■ **Task details**:
Using the data below, output the first line and every line after it up to and including the line containing "(\<lambda>(k, b, j).", exactly as written and with nothing added.
--- The data Enclosed Below ---
text \<open>Coefficients of the inverse power series b^(-1) (relevant modulo z^k):
  b^(-1) b = 1 determines them recursively.\<close>
function tinv :: "nat \<Rightarrow> (nat \<Rightarrow> complex^'n^'n) \<Rightarrow> nat \<Rightarrow> complex^'n^'n" where
  "tinv k b 0 = mat 1"
| "tinv k b (Suc j) = - (\<Sum>i\<in>{1..Suc j}. bser k b i ** tinv k b (Suc j - i))"
  by pat_completeness auto
termination
  by (relation "Wellfounded.measure (\<lambda>(k, b, j). j)") auto

text \<open>Coadjoint action: coefficient of z^(-m) (1 \<le> m \<le> k) of b C b^(-1),
where C = sum_{l=1..k} z^(-l) C_l.\<close>
definition coadj :: "nat \<Rightarrow> (nat \<Rightarrow> complex^'n^'n) \<Rightarrow> (nat \<Rightarrow> complex^'n^'n) \<Rightarrow> nat \<Rightarrow> complex^'n^'n" where
  "coadj k b C m = (\<Sum>l\<in>{1..k}. \<Sum>i<k. \<Sum>j<k.
       if i + j + m = l then bser k b i ** C l ** tinv k b j else 0)"

text \<open>Pairing of Y = sum z^(-i) Y_i in g_k^* with X = sum z^i X_i in g_k:
  Res_0 tr(Y X) = sum_{i=1..k} tr(Y_i X_(i-1)).\<close>
definition pairing :: "nat \<Rightarrow> (nat \<Rightarrow> complex^'n^'n) \<Rightarrow> (nat \<Rightarrow> complex^'n^'n) \<Rightarrow> complex" where
  "pairing k Y Xs = (\<Sum>i\<in>{1..k}. trace (Y i ** Xs (i - 1)))"

definition const_gk :: "complex^'n^'n \<Rightarrow> nat \<Rightarrow> complex^'n^'n" where
  "const_gk X i = (if i = 0 then X else 0)"

definition phi :: "nat \<Rightarrow> (nat \<Rightarrow> complex^'n^'n) \<Rightarrow> complex^'n^'n \<Rightarrow> (nat \<Rightarrow> complex^'n^'n) \<Rightarrow> complex" where
  "phi k C X b = pairing k (coadj k b C) (const_gk X)"

end

theory Submission
  imports Defs "HOL-Computational_Algebra.Formal_Power_Series" "HOL-Library.Function_Algebras"
begin

text \<open>Regard b and its inverse as matrix power series. Then phi_X(b) = sum_l tr(C_l W_(l-1))
with W = b^(-1) X b. If b = b' + d with d of order at least m and 2m \<ge> k, then
b^(-1) = b'^(-1) - b'^(-1) d b'^(-1) modulo z^k, so phi_X is affine in the coefficients of d,
with linear part the differential of phi_X at b'. When b'_1, ..., b'_(r-1) commute with X, the
differential applied to z^(k-1-r) M only sees the top coefficient C_k and equals
tr(C_k [X,M]) for r = 0 and -tr(C_k (b'_r [X,M] + M [X,b'_r])) for r \<ge> 1; since C_k is
regular, its vanishing for all off-diagonal M forces X to be diagonal, resp. [X,b'_r] = 0.
For k = 2q+1 the expansion to second order in b_q gives phi_X = tr(C_1 X) + tr(C_k b_q [b_q,X]),
and the entries of this quadratic form pair the strictly lower part of b_q with its strictly
upper part.\<close>

type_synonym 'n cmat = "complex^'n^'n"

lemma matrix_add_rdistrib: "((A::'n::finite cmat) + B) ** C = A ** C + B ** C"
  by (vector matrix_matrix_mult_def sum.distrib[symmetric] field_simps)

lemma matrix_diff_ldistrib: "(A::'n::finite cmat) ** (B - C) = A ** B - A ** C"
  by (vector matrix_matrix_mult_def sum_subtractf[symmetric] field_simps)

lemma matrix_diff_rdistrib: "((A::'n::finite cmat) - B) ** C = A ** C - B ** C"
  by (vector matrix_matrix_mult_def sum_subtractf[symmetric] field_simps)

lemma matrix_neg_left: "(- (A::'n::finite cmat)) ** B = - (A ** B)"
  by (vector matrix_matrix_mult_def sum_negf[symmetric])

lemma matrix_neg_right: "(A::'n::finite cmat) ** (- B) = - (A ** B)"
  by (vector matrix_matrix_mult_def sum_negf[symmetric])

lemma matrix_sum_left: "(\<Sum>i\<in>S. f i :: 'n cmat) ** (B::'n::finite cmat) = (\<Sum>i\<in>S. f i ** B)"
  by (induction S rule: infinite_finite_induct) (auto simp: matrix_add_rdistrib)

lemma matrix_sum_right: "(B::'n::finite cmat) ** (\<Sum>i\<in>S. f i :: 'n cmat) = (\<Sum>i\<in>S. B ** f i)"
  by (induction S rule: infinite_finite_induct) (auto simp: matrix_add_ldistrib)

lemma trace_zero: "trace (0::'n::finite cmat) = 0"
  by (simp add: trace_def)

lemma trace_neg: "trace (- (A::'n::finite cmat)) = - trace A"
  by (simp add: trace_def sum_negf)

lemma trace_sum: "trace (\<Sum>i\<in>S. f i :: 'n::finite cmat) = (\<Sum>i\<in>S. trace (f i))"
  by (induction S rule: infinite_finite_induct) (auto simp: trace_add trace_zero)

lemma trace_mult_cycle3: "trace ((A::'n::finite cmat) ** B ** D) = trace (D ** A ** B)"
  by (metis trace_mul_sym matrix_mul_assoc)

lemma commute_mult:
  "A ** X = X ** A \<Longrightarrow> B ** X = X ** B \<Longrightarrow> (A ** B) ** X = X ** ((A::'n::finite cmat) ** B)"
  by (metis matrix_mul_assoc)

lemma commute_sum:
  "(\<And>i. i \<in> S \<Longrightarrow> f i ** X = X ** f i) \<Longrightarrow> (\<Sum>i\<in>S. f i) ** X = X ** (\<Sum>i\<in>S. f i :: 'n::finite cmat)"
  by (simp add: matrix_sum_left matrix_sum_right)

lemma commute_neg: "A ** X = X ** A \<Longrightarrow> (- A) ** X = X ** (- (A::'n::finite cmat))"
  by (simp add: matrix_neg_left matrix_neg_right)

lemma trace_mult_commutator_eq_0:
  assumes "A ** X = X ** (A::'n::finite cmat)"
  shows "trace (A ** (X ** M - M ** X)) = 0"
proof -
  have "trace (A ** (M ** X)) = trace (X ** A ** M)"
    by (metis trace_mult_cycle3 matrix_mul_assoc)
  also have "\<dots> = trace (A ** (X ** M))" using assms by (simp add: matrix_mul_assoc)
  finally show ?thesis by (simp add: matrix_diff_ldistrib trace_sub)
qed

lemma cscale_mult_right: "(A::'n::finite cmat) ** cscale c B = cscale c (A ** B)"
  by (vector cscale_def matrix_matrix_mult_def sum_distrib_left algebra_simps)

lemma cscale_mult_left: "cscale c (A::'n::finite cmat) ** B = cscale c (A ** B)"
  by (vector cscale_def matrix_matrix_mult_def sum_distrib_left algebra_simps)
lemma liminf_mean_n0_fraction_ge:
  assumes a: "a > 0" and m: "\<forall>N. m N \<le> N"
    and lim: "(\<lambda>N. real (m N) / real N) \<longlonglongrightarrow> \<mu>" and a\<mu>: "a * \<mu> > 1"
  shows "ereal (1 - \<mu>) \<le> liminf (\<lambda>N. ereal (mean_n0 N (a * ln (real N) / real N) / real N))"
proof -
  define f where "f N = (1 - real (m N) / real N)
    * cprob N (a * ln (real N) / real N) (\<lambda>n. N - m N \<le> n 0)" for N
  have "f \<longlonglongrightarrow> (1 - \<mu>) * 1"
    unfolding f_def using lim tendsto_cprob_excited_le[OF assms] by (intro tendsto_intros)
  then have "liminf (\<lambda>N. ereal (f N)) = ereal (1 - \<mu>)"
    by (intro lim_imp_Liminf) (auto simp: tendsto_ereal)
  moreover have "eventually (\<lambda>N. ereal (f N)
      \<le> ereal (mean_n0 N (a * ln (real N) / real N) / real N)) sequentially"
    using eventually_ge_at_top[of 2]
  proof eventually_elim
    case (elim N)
    have "1 - real (m N) / real N = real (N - m N) / real N"
      using elim m by (simp add: of_nat_diff field_simps)
    moreover have "a * ln (real N) / real N > 0"
      using a elim by simp
    ultimately show ?case
      using mean_n0_ge[OF _ m[rule_format]] elim
      by (simp add: f_def divide_right_mono)
  qed
  then have "liminf (\<lambda>N. ereal (f N))
      \<le> liminf (\<lambda>N. ereal (mean_n0 N (a * ln (real N) / real N) / real N))"
    by (rule Liminf_mono)
  ultimately show ?thesis
    by simp
qed
(* Let $N\in\{2,3\}$. If $z\in C^2(\mathbb{R})$ satisfies $$-z''(t)+(N-4)z'(t)+(2N-4)z(t)=\frac{N-1}{2}\,z(t)^2\qquad (t\in\mathbb{R})$$ and $\lim_{t\to-\infty}e^tz(t)=0=\lim_{t\to+\infty}e^tz(t)$, then $z\equiv0$. *)

theory Defs
  imports "HOL-Analysis.Analysis"
begin

end

theory Submission
  imports Defs "HOL-Real_Asymp.Real_Asymp"
begin

(* For N = 2 the equation reads z'' = -2 z' - z^2/2, so the first integral G = z' + 2 z is
   nonincreasing. If G were negative somewhere, the bound (e^(2t) z)' = e^(2t) G <= -delta e^(2t)
   would push e^t z to -infinity at +infinity. If G were positive somewhere, comparing e^(2t) z with
   its limit 0 at -infinity gives z >= G/2, so G' <= -G^2/8, a Riccati inequality without positive
   solutions on a left half-line. Hence G = 0 and z^2 = -2 G' = 0.

   For N = 3, z'' = -z' + 2 z - z^2, the same linear argument applied to the nonincreasing
   quantities e^(-t) (z' + 2 z) and e^(2t) (z' - z) gives -2 z <= z' <= z; so z >= 0 and z, z' tend
   to 0 at +infinity. The energy E = z'^2/2 - z^2 + z^3/3 is then nonincreasing with limit 0, so
   E >= 0. If E(t0) > 0, then ln z + z'/z decreases at a positive rate left of t0, so z tends to
   infinity at -infinity, and once z >= 6 the rate is at least 2; thus z >= c e^(-2t), contradicting
   e^t z -> 0 at -infinity. So E = 0, which forces z' = 0, and z is a constant with limit 0. *)

lemma DERIV_le_imp_increment_le:
  fixes f g f' g' :: "real \<Rightarrow> real"
  assumes "a \<le> b"
    and f: "\<And>x. a \<le> x \<Longrightarrow> x \<le> b \<Longrightarrow> (f has_real_derivative f' x) (at x)"
    and g: "\<And>x. a \<le> x \<Longrightarrow> x \<le> b \<Longrightarrow> (g has_real_derivative g' x) (at x)"
    and le: "\<And>x. a \<le> x \<Longrightarrow> x \<le> b \<Longrightarrow> f' x \<le> g' x"
  shows "f b - f a \<le> g b - g a"
proof -
  have "(\<lambda>x. f x - g x) b \<le> (\<lambda>x. f x - g x) a"
  proof (rule DERIV_nonpos_imp_nonincreasing[OF \<open>a \<le> b\<close>])
    fix x assume "a \<le> x" "x \<le> b"
    then show "\<exists>y. ((\<lambda>x. f x - g x) has_real_derivative y) (at x) \<and> y \<le> 0"
      using f g le by (intro exI[of _ "f' x - g' x"]) (auto intro: DERIV_diff)
  qed
  then show ?thesis by simp
qed
text \<open>The WZ-type certificate: the recurrence operator applied to the summand in row \<open>k+1\<close>
  is a multiple of the summand in row \<open>k\<close>. All four terms are products of one Pochhammer
  symbol \<open>Z\<close> with a few linear factors.\<close>

lemma delannoy_term_recurrence:
  "real (n + 2) * delannoy_term (n + 2) (Suc k) - real (2 * n + 3) * delannoy_term (n + 1) (Suc k)
     + real (n + 1) * delannoy_term n (Suc k)
   = 2 * real (2 * n + 3) * delannoy_term (n + 1) k"
proof -
  define z :: real where "z = real n - real k + 2"
  define Z where "Z = pochhammer z (2 * k)"
  have t2: "delannoy_term (n + 2) (Suc k) * (fact (Suc k))\<^sup>2
      = Z * (real n + real k + 2) * (real n + real k + 3)"
  proof -
    have "delannoy_term (n + 2) (Suc k) * (fact (Suc k))\<^sup>2 = pochhammer z (2 * k + 2)"
      using delannoy_term_pochhammer[of "n + 2" "Suc k"] unfolding z_def
      by (simp add: algebra_simps)
    also have "\<dots> = Z * (z + 2 * k) * (z + 2 * k + 1)"
      unfolding Z_def by (simp add: pochhammer_rec' numeral_2_eq_2 algebra_simps)
    finally show ?thesis unfolding z_def by (simp add: algebra_simps)
  qed
  have t1: "delannoy_term (n + 1) (Suc k) * (fact (Suc k))\<^sup>2
      = (z - 1) * Z * (real n + real k + 2)"
  proof -
    have "delannoy_term (n + 1) (Suc k) * (fact (Suc k))\<^sup>2 = pochhammer (z - 1) (Suc (2 * k + 1))"
      using delannoy_term_pochhammer[of "n + 1" "Suc k"] unfolding z_def
      by (simp add: algebra_simps)
    also have "\<dots> = (z - 1) * pochhammer z (Suc (2 * k))"
      by (subst pochhammer_rec) simp
    also have "\<dots> = (z - 1) * (Z * (z + 2 * k))"
      unfolding Z_def by (subst pochhammer_rec') (simp add: algebra_simps)
    finally show ?thesis unfolding z_def by (simp add: algebra_simps)
  qed
  have t0: "delannoy_term n (Suc k) * (fact (Suc k))\<^sup>2 = (z - 2) * (z - 1) * Z"
  proof -
    have "delannoy_term n (Suc k) * (fact (Suc k))\<^sup>2 = pochhammer (z - 2) (Suc (Suc (2 * k)))"
      using delannoy_term_pochhammer[of n "Suc k"] unfolding z_def by (simp add: algebra_simps)
    then show ?thesis unfolding Z_def by (simp add: pochhammer_rec algebra_simps)
  qed
  have s: "delannoy_term (n + 1) k * (fact k)\<^sup>2 = Z"
    using delannoy_term_pochhammer[of "n + 1" k] unfolding z_def Z_def by (simp add: algebra_simps)
  have fact_Suc_sq: "(fact (Suc k) :: real)\<^sup>2 = (real (Suc k))\<^sup>2 * (fact k)\<^sup>2"
    by (simp add: power_mult_distrib)
  have "(real (n + 2) * delannoy_term (n + 2) (Suc k)
        - real (2 * n + 3) * delannoy_term (n + 1) (Suc k)
        + real (n + 1) * delannoy_term n (Suc k)) * (fact (Suc k))\<^sup>2
      = real (n + 2) * (Z * (real n + real k + 2) * (real n + real k + 3))
        - real (2 * n + 3) * ((z - 1) * Z * (real n + real k + 2))
        + real (n + 1) * ((z - 2) * (z - 1) * Z)"
    unfolding t2[symmetric] t1[symmetric] t0[symmetric] by (simp add: algebra_simps)
  also have "\<dots> = 2 * real (2 * n + 3) * (real (Suc k))\<^sup>2 * Z"
    unfolding z_def by (simp add: algebra_simps power2_eq_square)
  also have "\<dots> = 2 * real (2 * n + 3) * delannoy_term (n + 1) k * (fact (Suc k))\<^sup>2"
    unfolding fact_Suc_sq s[symmetric] by (simp add: algebra_simps)
  finally show ?thesis by simp
qed
(* Let $\Gamma$ be an embedded (ribbon) graph and let $a,b$ be two distinct edges of $\Gamma$ such that an end of $a$ and an end of $b$ are neighbors in the cyclic order at some vertex. Let $\Gamma'_{ab}$ be the ribbon graph obtained from $\Gamma$ by exchanging these two neighboring ends. Then $D(\Gamma'_{ab})=D(\Gamma)'_{ab}$.
   Context: An embedded (ribbon) graph is a connected graph cellularly embedded in a compact surface, orientable or not (edges are ribbons; loops may be orientable or half-twisted). Its delta-matroid is $D(\Gamma)=(E(\Gamma);\Phi(\Gamma))$, where $\phi\subseteq E(\Gamma)$ is feasible iff the spanning ribbon subgraph with all vertices of $\Gamma$ and edge set $\phi$ has boundary consisting of exactly one connected component. For a set system $D=(E;\Phi)$ and distinct $a,b\in E$: the twist is $D*E'=(E;\{\phi\Delta E'\mid\phi\in\Phi\})$; the sliding of $a$ over $b$ is $\widetilde D_{ab}=(E;\Phi\,\Delta\,\{\phi\sqcup\{a\}\mid\phi\subseteq E\setminus\{a,b\},\ \phi\sqcup\{b\}\in\Phi\})$; and $D'_{ab}=\big(\widetilde{(D*\{b\})}_{ab}\big)*\{b\}$. *)

theory Defs
  imports Main
begin

text \<open>Combinatorial model of embedded (ribbon) graphs, orientable or not:
  graph-encoded maps (gems). A map is a finite set of flags with three
  fixed-point-free involutions; \<open>r0\<close> changes the vertex (moves along the edge),
  \<open>r1\<close> changes the edge (corners at a vertex), \<open>r2\<close> changes the side of the
  edge (the two flags of a half-edge). Vertices are orbits of r1,r2; edges are
  orbits of r0,r2 (four flags each); faces are orbits of r0,r1.\<close>

record 'f rmap =
  flags :: "'f set"
  r0 :: "'f \<Rightarrow> 'f"
  r1 :: "'f \<Rightarrow> 'f"
  r2 :: "'f \<Rightarrow> 'f"

definition fpf_involution_on :: "'f set \<Rightarrow> ('f \<Rightarrow> 'f) \<Rightarrow> bool" where
  "fpf_involution_on F s \<longleftrightarrow> (\<forall>x\<in>F. s x \<in> F \<and> s (s x) = x \<and> s x \<noteq> x)"

definition gen_rel :: "'f set \<Rightarrow> ('f \<Rightarrow> 'f) list \<Rightarrow> ('f \<times> 'f) set" where
  "gen_rel F gs = {(x, g x) | x g. x \<in> F \<and> g \<in> set gs}"

definition num_orbits :: "'f set \<Rightarrow> ('f \<Rightarrow> 'f) list \<Rightarrow> nat" where
  "num_orbits F gs = card (F // ((gen_rel F gs)\<^sup>*))"

definition ribbon_graph :: "('f, 'z) rmap_scheme \<Rightarrow> bool" where
  "ribbon_graph G \<longleftrightarrow>
     finite (flags G) \<and> flags G \<noteq> {} \<and>
     fpf_involution_on (flags G) (r0 G) \<and>
     fpf_involution_on (flags G) (r1 G) \<and>
     fpf_involution_on (flags G) (r2 G) \<and>
     (\<forall>x\<in>flags G. r0 G (r2 G x) = r2 G (r0 G x) \<and> r0 G (r2 G x) \<noteq> x) \<and>
     num_orbits (flags G) [r0 G, r1 G, r2 G] = 1"

definition edge_of :: "('f, 'z) rmap_scheme \<Rightarrow> 'f \<Rightarrow> 'f set" where
  "edge_of G x = {x, r0 G x, r2 G x, r0 G (r2 G x)}"

definition edges :: "('f, 'z) rmap_scheme \<Rightarrow> 'f set set" where
  "edges G = edge_of G ` flags G"

text \<open>Boundary components of the spanning ribbon subgraph with edge set phi:
  at flags of deleted edges the boundary passes across the vertex disc (r2)
  instead of running along the edge (r0); isolated vertices give one
  component each.\<close>
definition sub_r0 :: "('f, 'z) rmap_scheme \<Rightarrow> 'f set set \<Rightarrow> 'f \<Rightarrow> 'f" where
  "sub_r0 G phi x = (if edge_of G x \<in> phi then r0 G x else r2 G x)"

definition num_boundary_components :: "('f, 'z) rmap_scheme \<Rightarrow> 'f set set \<Rightarrow> nat" where
  "num_boundary_components G phi = num_orbits (flags G) [sub_r0 G phi, r1 G]"

type_synonym 'e set_system = "'e set \<times> 'e set set"

definition delta_matroid_of :: "('f, 'z) rmap_scheme \<Rightarrow> 'f set set_system" where
  "delta_matroid_of G =
     (edges G, {phi. phi \<subseteq> edges G \<and> num_boundary_components G phi = 1})"

definition symdiff :: "'a set \<Rightarrow> 'a set \<Rightarrow> 'a set" where
  "symdiff A B = (A - B) \<union> (B - A)"

definition twist :: "'e set_system \<Rightarrow> 'e set \<Rightarrow> 'e set_system" where
  "twist D E' = (fst D, (\<lambda>phi. symdiff phi E') ` snd D)"

definition slide :: "'e set_system \<Rightarrow> 'e \<Rightarrow> 'e \<Rightarrow> 'e set_system" where
  "slide D a b = (fst D, symdiff (snd D)
      {phi \<union> {a} | phi. phi \<subseteq> fst D - {a, b} \<and> phi \<union> {b} \<in> snd D})"

definition Dprime :: "'e set_system \<Rightarrow> 'e \<Rightarrow> 'e \<Rightarrow> 'e set_system" where
  "Dprime D a b = twist (slide (twist D {b}) a b) {b}"

text \<open>Flag x lies on (the half-edge of) edge a and
  r1 x on edge b, so these ends are neighbours at the corner {x, r1 x}. Around
  the vertex the flags read  p | a1 a2 | b1 b2 | n  with a2 = x, b1 = r1 x,
  a1 = r2 x, b2 = r2 b1, p = r1 a1, n = r1 b2. Sliding the end of a past the end
  of b along the vertex boundary gives  p | b1 b2 | a1 a2 | n. If the vertex has
  only these two ends (n = a1) the cyclic order is unchanged.\<close>
definition exchange_r1 :: "('f, 'z) rmap_scheme \<Rightarrow> 'f \<Rightarrow> 'f \<Rightarrow> 'f" where
  "exchange_r1 G x =
    (let a2 = x; b1 = r1 G x; a1 = r2 G x; b2 = r2 G b1;
         p = r1 G a1; n = r1 G b2 in
     if n = a1 then r1 G
     else (\<lambda>y. if y = p then b1 else if y = b1 then p
              else if y = b2 then a1 else if y = a1 then b2
              else if y = a2 then n else if y = n then a2
              else r1 G y))"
--- End of Enclosed The data ---
■ **Answer to the exercise**:
text \<open>Coefficients of the inverse power series b^(-1) (relevant modulo z^k):
  b^(-1) b = 1 determines them recursively.\<close>
function tinv :: "nat \<Rightarrow> (nat \<Rightarrow> complex^'n^'n) \<Rightarrow> nat \<Rightarrow> complex^'n^'n" where
  "tinv k b 0 = mat 1"
| "tinv k b (Suc j) = - (\<Sum>i\<in>{1..Suc j}. bser k b i ** tinv k b (Suc j - i))"
  by pat_completeness auto
termination
  by (relation "Wellfounded.measure (\<lambda>(k, b, j). j)") auto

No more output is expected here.